Among the lines below, copy each one in which "shows" appears.

▶ [Dataset]

********************

(* For all $n\geq 0$, $$d_n=\sum_{k=0}^{n}(-1)^{n-k}\binom{n}{k}m_k,$$ where $d_n$ is the number of symmetric Dyck paths of length $2n$ and $m_k$ is the number of symmetric Motzkin paths of length $2k$.
   Context: Steps: $U=(1,1)$, $D=(1,-1)$, $h=(1,0)$. A Dyck path of length $2n$ is a lattice path from $(0,0)$ to $(2n,0)$ using steps $U,D$ that never goes below the $x$-axis; a Motzkin path of length $2n$ is the same but steps $U,D,h$ are allowed. Such a path with step sequence $s_1\cdots s_{2n}$ is symmetric if for every $i$, $s_{2n+1-i}$ is the mirror of $s_i$ (mirror of $U$ is $D$, of $D$ is $U$, of $h$ is $h$), i.e. the path is invariant under reflection in the line $x=n$. *)

theory Defs
  imports Main
begin

datatype step = U | D | H

fun step_val :: "step \<Rightarrow> int" where
  "step_val U = 1" | "step_val D = -1" | "step_val H = 0"

fun mirror :: "step \<Rightarrow> step" where
  "mirror U = D" | "mirror D = U" | "mirror H = H"

definition nonneg_bridge :: "step list \<Rightarrow> bool" where
  "nonneg_bridge s \<longleftrightarrow>
     (\<forall>i\<le>length s. (\<Sum>j<i. step_val (s ! j)) \<ge> 0) \<and> (\<Sum>j<length s. step_val (s ! j)) = 0"

definition dyck_path :: "nat \<Rightarrow> step list \<Rightarrow> bool" where
  "dyck_path n s \<longleftrightarrow> length s = 2 * n \<and> set s \<subseteq> {U, D} \<and> nonneg_bridge s"

definition motzkin_path :: "nat \<Rightarrow> step list \<Rightarrow> bool" where
  "motzkin_path n s \<longleftrightarrow> length s = 2 * n \<and> nonneg_bridge s"

text \<open>Symmetric: s_{2n+1-i} is the mirror of s_i (1-based); 0-based: s!(L-1-i) = mirror (s!i).\<close>
definition symmetric_path :: "step list \<Rightarrow> bool" where
  "symmetric_path s \<longleftrightarrow> (\<forall>i<length s. s ! (length s - 1 - i) = mirror (s ! i))"

definition sym_dyck :: "nat \<Rightarrow> nat" where
  "sym_dyck n = card {s. dyck_path n s \<and> symmetric_path s}"

definition sym_motzkin :: "nat \<Rightarrow> nat" where
  "sym_motzkin n = card {s. motzkin_path n s \<and> symmetric_path s}"

end

theory Submission
  imports Defs
begin

text \<open>A symmetric path of length 2n is determined by its first half, which can be any path
  of length n that stays weakly above the axis (a meander). So d_n and m_n count Dyck
  and Motzkin meanders of length n. Splitting off the first step, both counts satisfy
  a recursion in the starting height h: the Motzkin one is the Dyck one plus an extra
  term for the horizontal step, which does not change h. Taking the inverse binomial
  transform in n turns that extra term into a difference that cancels it, so the
  transformed Motzkin counts satisfy the Dyck recursion, at every height.\<close>

fun stays_nonneg :: "int \<Rightarrow> step list \<Rightarrow> bool" where
  "stays_nonneg h [] = True"
| "stays_nonneg h (x # xs) \<longleftrightarrow> 0 \<le> h + step_val x \<and> stays_nonneg (h + step_val x) xs"

definition meanders :: "step set \<Rightarrow> nat \<Rightarrow> int \<Rightarrow> step list set" where
  "meanders P n h = {s. length s = n \<and> set s \<subseteq> P \<and> stays_nonneg h s}"

lemma UNIV_step: "(UNIV :: step set) = {U, D, H}"
  using step.exhaust by auto

lemma finite_step_set: "finite (A :: step set)"
  by (rule finite_subset[OF subset_UNIV]) (simp add: UNIV_step)

lemma finite_meanders: "finite (meanders P n h)"
proof -
  have "finite {s :: step list. set s \<subseteq> UNIV \<and> length s = n}"
    by (rule finite_lists_length_eq) (rule finite_step_set)
  then show ?thesis
    by (rule finite_subset[rotated]) (auto simp: meanders_def)
qed

lemma meanders_0: "meanders P 0 h = {[]}"
  by (auto simp: meanders_def)

lemma meanders_Suc:
  "meanders P (Suc n) h =
     (\<lambda>(x, s). x # s) ` (SIGMA x:{x\<in>P. 0 \<le> h + step_val x}. meanders P n (h + step_val x))"
proof (rule set_eqI)
  fix t
  show "t \<in> meanders P (Suc n) h \<longleftrightarrow>
    t \<in> (\<lambda>(x, s). x # s) ` (SIGMA x:{x\<in>P. 0 \<le> h + step_val x}. meanders P n (h + step_val x))"
    by (cases t) (auto simp: meanders_def image_iff)
qed

lemma card_meanders_Suc:
  "card (meanders P (Suc n) h) =
     (\<Sum>x\<in>P. if 0 \<le> h + step_val x then card (meanders P n (h + step_val x)) else 0)"
proof -
  have "inj_on (\<lambda>(x, s). x # s) A" for A :: "(step \<times> step list) set"
    by (auto simp: inj_on_def)
  then have "card (meanders P (Suc n) h) =
      card (SIGMA x:{x\<in>P. 0 \<le> h + step_val x}. meanders P n (h + step_val x))"
    unfolding meanders_Suc by (rule card_image)
  also have "\<dots> = (\<Sum>x\<in>{x\<in>P. 0 \<le> h + step_val x}. card (meanders P n (h + step_val x)))"
    by (rule card_SigmaI) (auto intro: finite_step_set finite_meanders)
  also have "\<dots> = (\<Sum>x\<in>P. if 0 \<le> h + step_val x then card (meanders P n (h + step_val x)) else 0)"
    by (rule sum.inter_filter) (rule finite_step_set)
  finally show ?thesis .
qed

definition dyck_meanders :: "nat \<Rightarrow> int \<Rightarrow> int" where
  "dyck_meanders n h = int (card (meanders {U, D} n h))"

definition motzkin_meanders :: "nat \<Rightarrow> int \<Rightarrow> int" where
  "motzkin_meanders n h = int (card (meanders UNIV n h))"

lemma dyck_meanders_Suc:
  "0 \<le> h \<Longrightarrow> dyck_meanders (Suc n) h =
     dyck_meanders n (h + 1) + (if 1 \<le> h then dyck_meanders n (h - 1) else 0)"
  unfolding dyck_meanders_def card_meanders_Suc by simp

lemma motzkin_meanders_Suc:
  "0 \<le> h \<Longrightarrow> motzkin_meanders (Suc n) h =
     motzkin_meanders n (h + 1) + motzkin_meanders n h
     + (if 1 \<le> h then motzkin_meanders n (h - 1) else 0)"
  unfolding motzkin_meanders_def card_meanders_Suc UNIV_step by simp

lemma inverse_binomial_transform_Suc:
  fixes F :: "nat \<Rightarrow> 'a :: comm_ring_1"
  shows "(\<Sum>k\<le>Suc n. (-1) ^ (Suc n - k) * of_nat (Suc n choose k) * F k)
       = (\<Sum>k\<le>n. (-1) ^ (n - k) * of_nat (n choose k) * (F (Suc k) - F k))"
proof -
  have "(\<Sum>k\<le>Suc n. (-1) ^ (Suc n - k) * of_nat (Suc n choose k) * F k)
      = (-1) ^ Suc n * F 0 + (\<Sum>k\<le>n. (-1) ^ (n - k) * of_nat (Suc n choose Suc k) * F (Suc k))"
    unfolding sum.atMost_Suc_shift by simp
  also have "\<dots> = ((-1) ^ Suc n * F 0
        + (\<Sum>k\<le>n. (-1) ^ (n - k) * of_nat (n choose Suc k) * F (Suc k)))
      + (\<Sum>k\<le>n. (-1) ^ (n - k) * of_nat (n choose k) * F (Suc k))"
    by (simp add: sum.distrib algebra_simps)
  also have "(-1) ^ Suc n * F 0 + (\<Sum>k\<le>n. (-1) ^ (n - k) * of_nat (n choose Suc k) * F (Suc k))
      = (\<Sum>k\<le>Suc n. (-1) ^ (Suc n - k) * of_nat (n choose k) * F k)"
    unfolding sum.atMost_Suc_shift by simp
  also have "\<dots> = (\<Sum>k\<le>n. (-1) ^ (Suc n - k) * of_nat (n choose k) * F k)"
    by (simp add: sum.atMost_Suc binomial_eq_0)
  also have "\<dots> = (\<Sum>k\<le>n. - ((-1) ^ (n - k) * of_nat (n choose k) * F k))"
    by (rule sum.cong) (auto simp: Suc_diff_le)
  finally show ?thesis
    by (simp add: sum_subtractf sum_negf algebra_simps)
qed

lemma dyck_meanders_eq_inverse_binomial_transform:
  "0 \<le> h \<Longrightarrow>
     dyck_meanders n h = (\<Sum>k\<le>n. (-1) ^ (n - k) * of_nat (n choose k) * motzkin_meanders k h)"
proof (induction n arbitrary: h)
  case 0
  then show ?case
    by (simp add: dyck_meanders_def motzkin_meanders_def meanders_0)
next
  case (Suc n)
  let ?T = "\<lambda>h. \<Sum>k\<le>n. (-1) ^ (n - k) * of_nat (n choose k) * motzkin_meanders k h"
  have "(\<Sum>k\<le>Suc n. (-1) ^ (Suc n - k) * of_nat (Suc n choose k) * motzkin_meanders k h)
      = (\<Sum>k\<le>n. (-1) ^ (n - k) * of_nat (n choose k)
           * (motzkin_meanders (Suc k) h - motzkin_meanders k h))"
    by (rule inverse_binomial_transform_Suc)
  also have "\<dots> = (\<Sum>k\<le>n. (-1) ^ (n - k) * of_nat (n choose k) * motzkin_meanders k (h + 1)
      + (if 1 \<le> h then (-1) ^ (n - k) * of_nat (n choose k) * motzkin_meanders k (h - 1) else 0))"
    using Suc.prems by (intro sum.cong) (auto simp: motzkin_meanders_Suc algebra_simps)
  also have "\<dots> = ?T (h + 1) + (if 1 \<le> h then ?T (h - 1) else 0)"
    by (simp add: sum.distrib sum.If_cases)
  also have "\<dots> = dyck_meanders n (h + 1) + (if 1 \<le> h then dyck_meanders n (h - 1) else 0)"
    using Suc by simp
  also have "\<dots> = dyck_meanders (Suc n) h"
    using Suc.prems by (simp add: dyck_meanders_Suc)
  finally show ?case ..
qed

definition height :: "step list \<Rightarrow> nat \<Rightarrow> int" where
  "height s i = sum_list (map step_val (take i s))"

lemma nonneg_bridge_iff_height:
  "nonneg_bridge s \<longleftrightarrow> (\<forall>i\<le>length s. 0 \<le> height s i) \<and> height s (length s) = 0"
proof -
  have "(\<Sum>j<i. step_val (s ! j)) = height s i" if "i \<le> length s" for i
    using that by (simp add: height_def sum_list_sum_nth atLeast0LessThan min_def)
  then show ?thesis
    unfolding nonneg_bridge_def by auto
qed

lemma stays_nonneg_iff_height:
  "0 \<le> h \<Longrightarrow> stays_nonneg h s \<longleftrightarrow> (\<forall>i\<le>length s. 0 \<le> h + height s i)"
proof (induction s arbitrary: h)
  case Nil
  then show ?case by (simp add: height_def)
next
  case (Cons x xs)
  have all_le_Suc: "(\<forall>i\<le>Suc m. Q i) \<longleftrightarrow> Q 0 \<and> (\<forall>j\<le>m. Q (Suc j))" for m and Q :: "nat \<Rightarrow> bool"
    by (metis Suc_le_mono le0 not0_implies_Suc)
  show ?case
  proof (cases "0 \<le> h + step_val x")
    case True
    then show ?thesis
      using Cons.IH[OF True] Cons.prems by (simp add: all_le_Suc height_def add.assoc)
  next
    case False
    then have "\<not> 0 \<le> h + height (x # xs) 1"
      by (simp add: height_def)
    then show ?thesis
      using False by auto
  qed
qed

definition symmetrize :: "step list \<Rightarrow> step list" where
  "symmetrize s = s @ rev (map mirror s)"

lemma mirror_mirror [simp]: "mirror (mirror x) = x"
  by (cases x) auto

lemma step_val_mirror [simp]: "step_val (mirror x) = - step_val x"
  by (cases x) auto

lemma sum_list_step_val_mirror [simp]:
  "sum_list (map (step_val \<circ> mirror) s) = - sum_list (map step_val s)"
  by (simp add: uminus_sum_list_map o_def)

lemma length_symmetrize [simp]: "length (symmetrize s) = 2 * length s"
  by (simp add: symmetrize_def)

lemma height_symmetrize:
  assumes "i \<le> 2 * length s"
  shows "height (symmetrize s) i = height s (min i (2 * length s - i))"
proof (cases "i \<le> length s")
  case True
  then show ?thesis by (simp add: height_def symmetrize_def)
next
  case False
  define j where "j = i - length s"
  have j: "i = length s + j" "j \<le> length s"
    using False assms by (auto simp: j_def)
  have "height (symmetrize s) i
      = sum_list (map step_val s) - sum_list (map step_val (drop (length s - j) s))"
    using j by (simp add: height_def symmetrize_def take_rev drop_map rev_map[symmetric]
        sum_list_rev)
  also have "\<dots> = height s (length s - j)"
    unfolding height_def
    by (metis add_diff_cancel_right' append_take_drop_id map_append sum_list_append)
  finally show ?thesis
    using j by simp
qed

lemma nonneg_bridge_symmetrize: "nonneg_bridge (symmetrize s) \<longleftrightarrow> stays_nonneg 0 s"
proof -
  let ?n = "length s"
  have "(\<forall>i\<le>2 * ?n. 0 \<le> height (symmetrize s) i) \<longleftrightarrow> (\<forall>i\<le>?n. 0 \<le> height s i)"
  proof
    assume nonneg: "\<forall>i\<le>2 * ?n. 0 \<le> height (symmetrize s) i"
    show "\<forall>i\<le>?n. 0 \<le> height s i"
    proof (intro allI impI)
      fix i
      assume "i \<le> ?n"
      then have "height (symmetrize s) i = height s i"
        using height_symmetrize[of i s] by simp
      then show "0 \<le> height s i"
        using nonneg[rule_format, of i] \<open>i \<le> ?n\<close> by simp
    qed
  next
    assume "\<forall>i\<le>?n. 0 \<le> height s i"
    then show "\<forall>i\<le>2 * ?n. 0 \<le> height (symmetrize s) i"
      using height_symmetrize[of _ s] by (simp add: min_def)
  qed
  moreover have "height (symmetrize s) (2 * ?n) = 0"
    using height_symmetrize[of "2 * ?n" s] by (simp add: height_def)
  ultimately show ?thesis
    by (simp add: nonneg_bridge_iff_height stays_nonneg_iff_height)
qed

lemma symmetric_path_symmetrize: "symmetric_path (symmetrize s)"
  unfolding symmetric_path_def symmetrize_def
  by (auto simp: nth_append rev_nth)

lemma symmetric_path_eq_symmetrize:
  assumes "length t = 2 * n" "symmetric_path t"
  shows "t = symmetrize (take n t)"
proof (rule nth_equalityI)
  show "length t = length (symmetrize (take n t))"
    using assms by (simp add: symmetrize_def)
next
  fix i assume i: "i < length t"
  show "t ! i = symmetrize (take n t) ! i"
  proof (cases "i < n")
    case True
    then show ?thesis
      using assms(1) by (simp add: symmetrize_def nth_append min_def)
  next
    case False
    have "t ! (length t - 1 - (length t - 1 - i)) = mirror (t ! (length t - 1 - i))"
      using assms(2) i unfolding symmetric_path_def by auto
    then have "t ! i = mirror (t ! (2 * n - 1 - i))"
      using i assms(1) by simp
    then show ?thesis
      using False i assms(1) by (simp add: symmetrize_def nth_append rev_nth min_def mult_2)
  qed
qed

lemma symmetric_bridges_eq_image_symmetrize:
  assumes "mirror ` P \<subseteq> P"
  shows "{t. length t = 2 * n \<and> set t \<subseteq> P \<and> nonneg_bridge t \<and> symmetric_path t}
       = symmetrize ` meanders P n 0"
proof (intro set_eqI iffI)
  fix t
  assume "t \<in> {t. length t = 2 * n \<and> set t \<subseteq> P \<and> nonneg_bridge t \<and> symmetric_path t}"
  then have t: "length t = 2 * n" "set t \<subseteq> P" "nonneg_bridge t" "symmetric_path t"
    by auto
  then have t_eq: "t = symmetrize (take n t)"
    by (blast intro: symmetric_path_eq_symmetrize)
  have "take n t \<in> meanders P n 0"
    using t t_eq nonneg_bridge_symmetrize[of "take n t"] set_take_subset[of n t]
    by (auto simp: meanders_def)
  then show "t \<in> symmetrize ` meanders P n 0"
    using t_eq by blast
next
  fix t
  assume "t \<in> symmetrize ` meanders P n 0"
  then obtain s where "s \<in> meanders P n 0" "t = symmetrize s"
    by blast
  then show "t \<in> {t. length t = 2 * n \<and> set t \<subseteq> P \<and> nonneg_bridge t \<and> symmetric_path t}"
    using assms[unfolded image_subset_iff] nonneg_bridge_symmetrize symmetric_path_symmetrize
    by (auto simp: meanders_def symmetrize_def)
qed

lemma card_symmetric_bridges:
  assumes "mirror ` P \<subseteq> P"
  shows "card {t. length t = 2 * n \<and> set t \<subseteq> P \<and> nonneg_bridge t \<and> symmetric_path t}
       = card (meanders P n 0)"
proof -
  have "inj_on symmetrize (meanders P n 0)"
    by (auto simp: inj_on_def symmetrize_def meanders_def)
  then show ?thesis
    unfolding symmetric_bridges_eq_image_symmetrize[OF assms] by (rule card_image)
qed

lemma sym_dyck_eq_dyck_meanders: "int (sym_dyck n) = dyck_meanders n 0"
  using card_symmetric_bridges[of "{U, D}" n]
  by (simp add: sym_dyck_def dyck_path_def dyck_meanders_def conj_assoc)

lemma sym_motzkin_eq_motzkin_meanders: "int (sym_motzkin n) = motzkin_meanders n 0"
  using card_symmetric_bridges[of UNIV n]
  by (simp add: sym_motzkin_def motzkin_path_def motzkin_meanders_def)

theorem theorem3p2:
  fixes n :: nat
  shows "int (sym_dyck n) = (\<Sum>k=0..n. (-1) ^ (n - k) * int (n choose k) * int (sym_motzkin k))"
  using dyck_meanders_eq_inverse_binomial_transform[of 0 n]
  by (simp add: sym_dyck_eq_dyck_meanders sym_motzkin_eq_motzkin_meanders atLeast0AtMost)

end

********************

▶ [Your solution]
  shows "(\<Sum>k\<le>Suc n. (-1) ^ (Suc n - k) * of_nat (Suc n choose k) * F k)
  shows "height (symmetrize s) i = height s (min i (2 * length s - i))"
  shows "t = symmetrize (take n t)"
  shows "{t. length t = 2 * n \<and> set t \<subseteq> P \<and> nonneg_bridge t \<and> symmetric_path t}
  shows "card {t. length t = 2 * n \<and> set t \<subseteq> P \<and> nonneg_bridge t \<and> symmetric_path t}
  shows "int (sym_dyck n) = (\<Sum>k=0..n. (-1) ^ (n - k) * int (n choose k) * int (sym_motzkin k))"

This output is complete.